Our regular phone conversations now focused on what his next step should be. He wanted to find a church where he could reach out to the community. He also had a burden to reach Muslims and students for Christ. Underneath it all was his intense burden to preach the gospel of Christ. The bottom line was that he just wanted to reach everyone he could with the message of salvation.

After considering a number of offers, he was led to take up a position as pastor in a church on Australia’s Gold Coast, one of the most pagan areas of Australia. I still remember the day he invited me along as he visited with the head deacon of this church. Rob was excited, really excited. His passion was developing into a specific vision for his ministry. Not far from the church was a major university and he saw great potential for reaching the students there. The church was in a very needy community, desperately in need of the gospel. As his vision clarified, he saw how this small church in the middle of it all could be used by God to make a difference.

Once he was at the church, Rob threw his heart and soul into his ministry. He continued to study hard. He taught the Word of God verse-by-verse and applied it practically in today’s world. Rob also had a special gift for playing the piano. After playing for the hymns and choruses, he would then get up and teach the Word of God. Brenda was deeply involved in the Sunday school and other outreaches, and the church began to grow. Some people who visited the Gold Coast for holidays heard that they could hear the Word of God taught uncompromisingly at Rob’s church, so they would come and bring others. Rob’s church also hosted the American tourists that my wife and I brought over each year for a special tour of Australia. Rob would have me preach, and the church would provide lunch for the tourists. What great memories.

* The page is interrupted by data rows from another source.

lemma realizable_comp:
  assumes "realizable d M f" "realizable M N g"
  shows "realizable d N (\<lambda>x. g (f x))"
proof -
  obtain W1 L1 W2 L2 where "net_realizes W1 L1 d M f" "net_realizes W2 L2 M N g"
    using assms unfolding realizable_def by blast
  hence "net_realizes (max W1 W2) L1 d M f" "net_realizes (max W1 W2) L2 M N g"
    by (auto elim: net_realizes_widen)
  thus ?thesis unfolding realizable_def using net_realizes_comp by blast
qed

lemma realizable_vconcat:
  assumes "realizable d N1 f" "realizable d N2 g"
  shows "realizable d (N1 + N2) (\<lambda>x. vconcat N1 (f x) (g x))"
proof -
  obtain W1 L1 W2 L2 where "net_realizes W1 L1 d N1 f" "net_realizes W2 L2 d N2 g"
    using assms unfolding realizable_def by blast
  hence "net_realizes W1 (max L1 L2) d N1 f" "net_realizes W2 (max L1 L2) d N2 g"
    by (auto elim: net_realizes_deepen)
  thus ?thesis unfolding realizable_def using net_realizes_vconcat by blast
qed

lemma realizable_componentwise:
  "(\<And>i. i < N \<Longrightarrow> scalar_realizable d (\<lambda>x. f x i)) \<Longrightarrow> realizable d N f"
proof (induction N)
  case 0
  show ?case unfolding realizable_def using net_realizes_no_outputs[of 1] by blast
next
  case (Suc N)
  have "realizable d (N + 1) (\<lambda>x. vconcat N (f x) (\<lambda>_. f x N))"
    using Suc unfolding scalar_realizable_def by (intro realizable_vconcat) simp_all
  hence "realizable d (Suc N) (\<lambda>x. vconcat N (f x) (\<lambda>_. f x N))" by simp
  thus ?case by (rule realizable_cong) (auto simp: vconcat_def less_Suc_eq)
qed

lemma scalar_realizable_comp:
  "realizable d M f \<Longrightarrow> scalar_realizable M \<phi> \<Longrightarrow> scalar_realizable d (\<lambda>x. \<phi> (f x))"
  unfolding scalar_realizable_def by (rule realizable_comp)
(* Let $\xi,\zeta$ be admissible families and suppose that for each predictable stopping time $\tau\in\mathcal T$ with $\tau>0$ a.s., $\{\xi(\tau)=\zeta(\tau)\}=\emptyset$ a.s. Then for each $\theta\in\mathcal T$ and each non-decreasing sequence of stopping times $(\theta_n)_{n\in\mathbb N}\subset\mathcal T$ with $\theta_n\uparrow\theta$, $$\{\xi(\theta)=\zeta(\theta)\}\cap\{\theta_n<\theta\text{ for all }n\}=\emptyset\quad\text{a.s.}$$
   Context: Filtered probability space $(\Omega,\mathcal F,(\mathcal F_t)_{0\le t\le T},P)$ satisfying the usual conditions, $\mathcal F=\mathcal F_T$, $\mathcal F_0$ trivial, $T\in(0,\infty)$. $\mathcal T$: stopping times valued in $[0,T]$. A family $\phi=(\phi(\theta),\theta\in\mathcal T)$ of $\overline{\mathbb R}$-valued random variables is admissible if each $\phi(\theta)$ is $\mathcal F_\theta$-measurable and $\phi(\theta)=\phi(\theta')$ a.s. on $\{\theta=\theta'\}$. "$E=\emptyset$ a.s." means $P(E)=0$. *)

theory Defs
  imports "HOL-Probability.Probability"
begin

definition usual_filtered_prob_space ::
  "'a measure \<Rightarrow> (real \<Rightarrow> 'a set set) \<Rightarrow> real \<Rightarrow> bool" where
  "usual_filtered_prob_space M F T \<longleftrightarrow>
     prob_space M \<and> 0 < T \<and>
     (\<forall>t\<in>{0..T}. sigma_algebra (space M) (F t) \<and> F t \<subseteq> sets M) \<and>
     (\<forall>s\<in>{0..T}. \<forall>t\<in>{0..T}. s \<le> t \<longrightarrow> F s \<subseteq> F t) \<and>
     F T = sets M \<and>
     \<comment> \<open>completeness of the space and of F 0 (usual conditions)\<close>
     (\<forall>A\<in>null_sets M. \<forall>B. B \<subseteq> A \<longrightarrow> B \<in> sets M) \<and>
     null_sets M \<subseteq> F 0 \<and>
     \<comment> \<open>right-continuity (usual conditions)\<close>
     (\<forall>t\<in>{0..<T}. F t = (\<Inter>s\<in>{t<..T}. F s)) \<and>
     \<comment> \<open>F 0 is trivial\<close>
     (\<forall>A\<in>F 0. emeasure M A = 0 \<or> emeasure M A = 1)"

definition stopping_timeT ::
  "'a measure \<Rightarrow> (real \<Rightarrow> 'a set set) \<Rightarrow> real \<Rightarrow> ('a \<Rightarrow> real) \<Rightarrow> bool" where
  "stopping_timeT M F T \<theta> \<longleftrightarrow>
     (\<forall>\<omega>\<in>space M. 0 \<le> \<theta> \<omega> \<and> \<theta> \<omega> \<le> T) \<and>
     (\<forall>t\<in>{0..T}. {\<omega>\<in>space M. \<theta> \<omega> \<le> t} \<in> F t)"

definition F_at ::
  "'a measure \<Rightarrow> (real \<Rightarrow> 'a set set) \<Rightarrow> real \<Rightarrow> ('a \<Rightarrow> real) \<Rightarrow> 'a set set" where
  "F_at M F T \<theta> = {A\<in>sets M. \<forall>t\<in>{0..T}. A \<inter> {\<omega>\<in>space M. \<theta> \<omega> \<le> t} \<in> F t}"

definition admissible ::
  "'a measure \<Rightarrow> (real \<Rightarrow> 'a set set) \<Rightarrow> real \<Rightarrow> (('a \<Rightarrow> real) \<Rightarrow> 'a \<Rightarrow> ereal) \<Rightarrow> bool" where
  "admissible M F T \<phi> \<longleftrightarrow>
     (\<forall>\<theta>. stopping_timeT M F T \<theta> \<longrightarrow>
        (\<forall>B\<in>sets (borel :: ereal measure). \<phi> \<theta> -` B \<inter> space M \<in> F_at M F T \<theta>)) \<and>
     (\<forall>\<theta> \<theta>'. stopping_timeT M F T \<theta> \<longrightarrow> stopping_timeT M F T \<theta>' \<longrightarrow>
        (AE \<omega> in M. \<theta> \<omega> = \<theta>' \<omega> \<longrightarrow> \<phi> \<theta> \<omega> = \<phi> \<theta>' \<omega>))"

definition predictable_sets ::
  "'a measure \<Rightarrow> (real \<Rightarrow> 'a set set) \<Rightarrow> real \<Rightarrow> (real \<times> 'a) set set" where
  "predictable_sets M F T =
     sigma_sets ({0..T} \<times> space M)
       ({{0} \<times> A | A. A \<in> F 0} \<union>
        {{s<..t} \<times> A | s t A. 0 \<le> s \<and> s < t \<and> t \<le> T \<and> A \<in> F s})"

But it all began to fall apart just when Rob’s ministry was having great effect . . . after all the sacrifice and “blood, sweat, and tears,” when he was beginning to fulfill the vision and burden he had for years . . . and just as things seemed to be blessed and moving ahead. It was hard on all of us, but it was particularly hard on my mother. The terminal diagnosis, watching his mind and body decay before her eyes, preparing for the funeral . . . I think what she went through can only be understood by others who have had to bury a child, and the situation stretched her faith beyond the point where she could even begin to imagine any good that might come out of this.

“I know God is in control. I know this is a sin-cursed world. I understand all that. But I still don’t understand why this would happen to him,” she would cry out. “It doesn’t seem to make sense! He worked so hard and preached so well. Why?” During one of my many phone calls with Mum, she said in her grief, “It doesn’t seem fair. He was such a man of God who loved and preached God’s Word. There are all these people who compromise the Bible, and atheists who attack it. Why did this happen to such a person as Robert?”

We were all in the here-and-now, grieving over a situation that was hard to explain in the context of a loving God as described in the Bible. If Rob had been killed in a traffic accident or contracted some deadly disease like cancer, it would have been a terrible shock, and many would have grieved greatly (and we all would have probably asked many of the same questions), but somehow, this disease seemed particularly cruel. The very gift of communication the Lord had given to him was taken away, and it was as if he was then put on the rack to be slowly tortured to death while family and friends were (if possible) tortured even more. All we could do was watch as helpless spectators, groping for answers.

As family and friends, we wrestled hard with the questions. Why would God allow this? Why did He cause it? It just didn’t seem right from our perspective. There are some people that will try to put you on a guilt trip if you ask those kinds of questions, insinuating that you don’t have faith in God. We had faith, for certain, but it was being seriously tested. We’re humans, and I believe we can ask those questions. We did as a family, and I did as a brother—I admit it. In the hardest moments of those dark days we all had to learn to stand back and say, “God is God,” and then stand aside and let Him be God.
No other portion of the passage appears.